Print each line exactly, beginning with the one where "inv y \<in> carrier" appears and ending at the last line below.

** Information given follows **

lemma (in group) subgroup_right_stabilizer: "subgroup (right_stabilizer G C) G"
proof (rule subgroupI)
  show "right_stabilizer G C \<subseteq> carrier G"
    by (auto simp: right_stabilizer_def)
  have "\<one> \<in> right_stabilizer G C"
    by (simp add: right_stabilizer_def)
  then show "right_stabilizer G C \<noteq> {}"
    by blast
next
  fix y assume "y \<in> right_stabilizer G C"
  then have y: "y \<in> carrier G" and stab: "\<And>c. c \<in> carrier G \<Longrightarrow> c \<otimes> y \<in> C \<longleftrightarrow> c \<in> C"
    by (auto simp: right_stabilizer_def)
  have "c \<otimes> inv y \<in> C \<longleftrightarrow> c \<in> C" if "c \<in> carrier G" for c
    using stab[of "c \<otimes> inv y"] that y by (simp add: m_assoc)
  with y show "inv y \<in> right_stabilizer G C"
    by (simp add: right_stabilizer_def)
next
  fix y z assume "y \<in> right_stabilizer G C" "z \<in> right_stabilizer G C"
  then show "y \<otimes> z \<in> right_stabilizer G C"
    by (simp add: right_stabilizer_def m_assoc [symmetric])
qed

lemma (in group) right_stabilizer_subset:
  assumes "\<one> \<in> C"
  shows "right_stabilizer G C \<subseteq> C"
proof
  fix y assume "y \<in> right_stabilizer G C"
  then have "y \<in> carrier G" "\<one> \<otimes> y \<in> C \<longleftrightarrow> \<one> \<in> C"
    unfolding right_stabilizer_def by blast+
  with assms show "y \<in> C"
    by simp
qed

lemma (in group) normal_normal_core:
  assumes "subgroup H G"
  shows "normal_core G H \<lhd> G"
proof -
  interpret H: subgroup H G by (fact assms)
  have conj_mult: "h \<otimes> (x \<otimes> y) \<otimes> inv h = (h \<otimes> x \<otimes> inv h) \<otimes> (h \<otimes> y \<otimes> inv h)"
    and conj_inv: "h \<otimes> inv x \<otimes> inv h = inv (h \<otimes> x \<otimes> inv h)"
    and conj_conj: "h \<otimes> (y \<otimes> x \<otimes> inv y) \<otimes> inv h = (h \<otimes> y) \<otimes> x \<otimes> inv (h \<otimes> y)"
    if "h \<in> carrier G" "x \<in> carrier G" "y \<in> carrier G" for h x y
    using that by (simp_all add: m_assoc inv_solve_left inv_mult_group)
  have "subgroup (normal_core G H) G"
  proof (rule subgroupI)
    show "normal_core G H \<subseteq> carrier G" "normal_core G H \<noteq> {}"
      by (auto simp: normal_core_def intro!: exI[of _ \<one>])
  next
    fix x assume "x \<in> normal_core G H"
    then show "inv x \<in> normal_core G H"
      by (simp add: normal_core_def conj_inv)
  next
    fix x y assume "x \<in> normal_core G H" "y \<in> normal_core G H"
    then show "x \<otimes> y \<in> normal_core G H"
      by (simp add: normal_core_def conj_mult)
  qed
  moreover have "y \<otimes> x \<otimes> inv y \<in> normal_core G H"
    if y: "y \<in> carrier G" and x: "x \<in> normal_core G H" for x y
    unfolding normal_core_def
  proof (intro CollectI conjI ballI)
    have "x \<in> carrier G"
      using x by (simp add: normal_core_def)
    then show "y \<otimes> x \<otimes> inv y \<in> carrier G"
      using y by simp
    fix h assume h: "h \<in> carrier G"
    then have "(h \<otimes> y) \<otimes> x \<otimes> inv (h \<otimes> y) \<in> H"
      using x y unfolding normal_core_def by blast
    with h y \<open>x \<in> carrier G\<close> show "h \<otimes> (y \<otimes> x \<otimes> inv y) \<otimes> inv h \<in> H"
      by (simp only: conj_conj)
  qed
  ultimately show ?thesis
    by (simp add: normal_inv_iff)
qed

** End of Information given **

## Task output
    then show "y \<otimes> x \<otimes> inv y \<in> carrier G"
      using y by simp
    fix h assume h: "h \<in> carrier G"
    then have "(h \<otimes> y) \<otimes> x \<otimes> inv (h \<otimes> y) \<in> H"
      using x y unfolding normal_core_def by blast
    with h y \<open>x \<in> carrier G\<close> show "h \<otimes> (y \<otimes> x \<otimes> inv y) \<otimes> inv h \<in> H"
      by (simp only: conj_conj)
  qed
  ultimately show ?thesis
    by (simp add: normal_inv_iff)
qed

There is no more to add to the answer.